It’s happened to all of us. Being the kind, polite Canadians we’re supposed to be, we’ve greeted our acquaintances with an air of interest and general positivism. This conversation has happened to me so many times that I cannot bother to count. It goes a little something like this:

You: “Hi!”

Them: “Hi! How are you?”

You: “Good, you?”

Them:  (with a condescending smirk) “I’m well.”

Just like that, you’ve been bested by them. You instantly regret greeting someone who felt the need to flaunt their perfect English in your face. Sure, you might be an English major, but they had to take the opportunity to snidely point out they are smarter and more proper than you. This may be the subtlest form of an epidemic plaguing all of humanity. That epidemic? Grammar Fascism.

Grammar Fascists don’t have to be as subtle as those ones in my first example. There are those who need to point out everything: from when you say “Me and Jim” instead of “Jim and I” or even instead of “Jim and me.” Grammar Fascists ravage the confidence of those less obsessed than them or even those who simply couldn’t care less. Some of them even know what the Oxford comma is.There is no worse feeling than having a perfectly civil conversation, only to have the person you’re talking to tell you that you saw zeh-brahs in Africa, not zebras.

I have a startling confession to make. I am a reformed Grammar Fascist. I spent a dark, harrowing year as the editor of my high school’s newspaper. During that year, I dashed the dreams of so many aspiring writers that I may have rid the world of the next Shakespeare and Hemingway unintentionally.

I was the worst Grammar Fascist you could imagine. If you used an ambiguous pronoun, I would tell you that every time you used one, a puppy would die. I used to roast people over spits for comma splices, condemn them to the fiery pits of Tartarus for changing tenses, and, worst of all, I used to say “zed” if anyone made reference to the letter “zee”. I think the low point of my Grammar Fascism had to be the time I sent in my own edit to an article in the Toronto Star. They had used a semicolon incorrectly.

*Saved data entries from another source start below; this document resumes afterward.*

theorem corollary3p2:
  fixes A B :: "real mat" and V :: "nat \<Rightarrow> real mat"
    and n q mjm1 mj :: nat and p :: complex
    and Ups Y :: "complex mat"
  defines "Tu \<equiv> \<lambda>m. transpose_mat (V (m+1)) * A * V m"
      and "T \<equiv> \<lambda>m. transpose_mat (V m) * A * V m"
      and "R \<equiv> \<lambda>Z. (cmat A + p \<cdot>\<^sub>m 1\<^sub>m n) * (cmat (V mj) * Z) - cmat (V mjm1) * Ups"
  assumes A: "A \<in> carrier_mat n n" and stab: "asympt_stable A"
    and B: "B \<in> carrier_mat n q"
    and Vdim: "\<And>m. 1 \<le> m \<Longrightarrow> m \<le> mj + 1 \<Longrightarrow> V m \<in> carrier_mat n (2*m*q)"
    and Vorth: "\<And>m. 1 \<le> m \<Longrightarrow> m \<le> mj + 1 \<Longrightarrow> transpose_mat (V m) * V m = 1\<^sub>m (2*m*q)"
    and Vspan: "\<And>m. 1 \<le> m \<Longrightarrow> m \<le> mj + 1 \<Longrightarrow> range_mat (V m) = ext_krylov A B m"
    and Vnest: "\<And>m. 1 \<le> m \<Longrightarrow> m \<le> mj \<Longrightarrow> V m = col_block (V (m+1)) 0 (2*m*q)"
    and arnoldi: "\<And>m. 1 \<le> m \<Longrightarrow> m \<le> mj \<Longrightarrow>
        A * V m = V m * T m
          + col_block (V (m+1)) (2*m*q) (2*(m+1)*q) * row_block (Tu m) (2*m*q) (2*(m+1)*q)"
    and p: "Re p < 0"
    and m: "1 \<le> mjm1" "mjm1 \<le> mj"
    and Ups: "Ups \<in> carrier_mat (2*mjm1*q) q"
    and Y: "Y \<in> carrier_mat (2*mj*q) q"
  shows "(ctrans (cmat (V mj)) * R Y = 0\<^sub>m (2*mj*q) q \<longrightarrow>
            (cmat (T mj) + p \<cdot>\<^sub>m 1\<^sub>m (2*mj*q)) * Y = pad_rows Ups (2*mj*q)
          \<and> frob_norm (R Y) = frob_norm (cmat (row_block (Tu mj) (2*mj*q) (2*(mj+1)*q)) * Y))
       \<and> ((\<forall>Z \<in> carrier_mat (2*mj*q) q. frob_norm (R Y) \<le> frob_norm (R Z)) \<longrightarrow>
            (let M = cmat (Tu mj) + p \<cdot>\<^sub>m pad_rows (1\<^sub>m (2*mj*q)) (2*(mj+1)*q);
                 G = pad_rows Ups (2*(mj+1)*q)
             in (\<forall>Z \<in> carrier_mat (2*mj*q) q. frob_norm (M * Y - G) \<le> frob_norm (M * Z - G))
              \<and> (\<forall>Q2 k. Q2 \<in> carrier_mat (2*(mj+1)*q) k \<longrightarrow> ctrans Q2 * Q2 = 1\<^sub>m k \<longrightarrow>
                   range_mat Q2 = orth_compl (2*(mj+1)*q) (range_mat M) \<longrightarrow>
                   frob_norm (R Y) = frob_norm (ctrans Q2 * G))))"
proof -
  let ?N = "2*mj*q" and ?N1 = "2*(mj+1)*q"
  define M where "M = cmat (Tu mj) + p \<cdot>\<^sub>m pad_rows (1\<^sub>m ?N) ?N1"
  define G where "G = pad_rows Ups ?N1"
  define W1 where "W1 = cmat (V (mj+1))"
  have mj: "1 \<le> mj" and N: "?N \<le> ?N1" and "2*mjm1*q \<le> ?N" using m by auto
  have V1: "V (mj+1) \<in> carrier_mat n ?N1" using Vdim[of "mj+1"] by simp
  have Vmj: "V mj = col_block (V (mj+1)) 0 ?N" using Vnest mj by simp
  have W1: "W1 \<in> carrier_mat n ?N1" using V1 by (simp add: W1_def)
  have iso: "ctrans W1 * W1 = 1\<^sub>m ?N1"
    using ctrans_cmat_mult_self[OF V1] Vorth[of "mj+1"] by (simp add: W1_def)
  have M: "M \<in> carrier_mat ?N1 ?N" and G: "G \<in> carrier_mat ?N1 q"
    using A V1 Ups by (auto simp: M_def G_def Tu_def Vmj)
  have residual: "R Z = W1 * (M * Z - G)" if "Z \<in> carrier_mat ?N q" for Z
    using block_arnoldi_shifted_residual[OF A V1 Vnest arnoldi[OF mj order.refl, unfolded T_def Tu_def]
        m Ups that]
    by (simp add: R_def M_def G_def W1_def Tu_def)
  have norm: "frob_norm (R Z) = frob_norm (M * Z - G)" if "Z \<in> carrier_mat ?N q" for Z
    unfolding residual[OF that] by (rule frob_norm_isometry_mult[OF W1 iso minus_carrier_mat[OF G]])
  have M_top: "row_block M 0 ?N = cmat (T mj) + p \<cdot>\<^sub>m 1\<^sub>m ?N"
    using row_blocks_shifted_projection(1)[OF A V1 N Vmj] by (simp add: M_def T_def Tu_def)
  have M_bottom: "row_block M ?N ?N1 = cmat (row_block (Tu mj) ?N ?N1)"
    using row_blocks_shifted_projection(2)[OF A V1 N Vmj] by (simp add: M_def Tu_def)
  have projected_system: "(cmat (T mj) + p \<cdot>\<^sub>m 1\<^sub>m ?N) * Y = pad_rows Ups ?N"
    and galerkin_norm: "frob_norm (R Y) = frob_norm (cmat (row_block (Tu mj) ?N ?N1) * Y)"
    if "ctrans (cmat (V mj)) * R Y = 0\<^sub>m ?N q"
  proof -
    have "ctrans (col_block W1 0 ?N) * (W1 * (M * Y - G)) = 0\<^sub>m ?N q"
      using that residual[OF Y] V1 by (simp add: Vmj W1_def cmat_col_block)
    note galerkin = galerkin_residual[OF W1 iso M Ups Y \<open>2*mjm1*q \<le> ?N\<close> N this[unfolded G_def]]
    show "(cmat (T mj) + p \<cdot>\<^sub>m 1\<^sub>m ?N) * Y = pad_rows Ups ?N"
      using galerkin(1) by (simp add: M_top)
    show "frob_norm (R Y) = frob_norm (cmat (row_block (Tu mj) ?N ?N1) * Y)"
      using galerkin(2) residual[OF Y] unfolding M_bottom G_def by simp
  qed
  have minimal_residual: "\<forall>Z \<in> carrier_mat ?N q. frob_norm (M * Y - G) \<le> frob_norm (M * Z - G)"
    if "\<forall>Z \<in> carrier_mat ?N q. frob_norm (R Y) \<le> frob_norm (R Z)"
    using that norm Y by simp
  show ?thesis
    unfolding Let_def M_def[symmetric] G_def[symmetric]
    using projected_system galerkin_norm minimal_residual
      least_squares_residual_norm[OF M Y G minimal_residual] norm[OF Y] by auto
qed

You may wonder how my reform came about. It was quite simple, actually. My friends, a group of the most intimidatingly smart and talented people you could ever meet, laid things out for me. They remarked that though I could correct their grammar, they understood quantum physics or were acclaimed artists or singers and did not really need their intelligence mocked by someone whose greatest triumph was telling the vice principal that if the school invested in air conditioners, girls would stop wearing low-cut tops.

The truth is that, yes, if someone says “Me and Jon were walking in the park really quiet,” I could say “Jon and I were walking in the park really quietly,” but what’s the point? Is grammar even going to last? I hear people actually saying “brb” and “ttyl” in conversation nowadays. How long until today’s language becomes Shakesperian?

I will end with a message to Grammar Fascists everywhere: You may know the rules of comma use, how to properly utilize a semicolon, which sentences are run-on, how to improve syntax, what the heck syntax even means, and even how to properly spell manoeuvre. But guess what? Nobody cares. If I need grammar advice I’ll turn to my copy of The Elements of Style.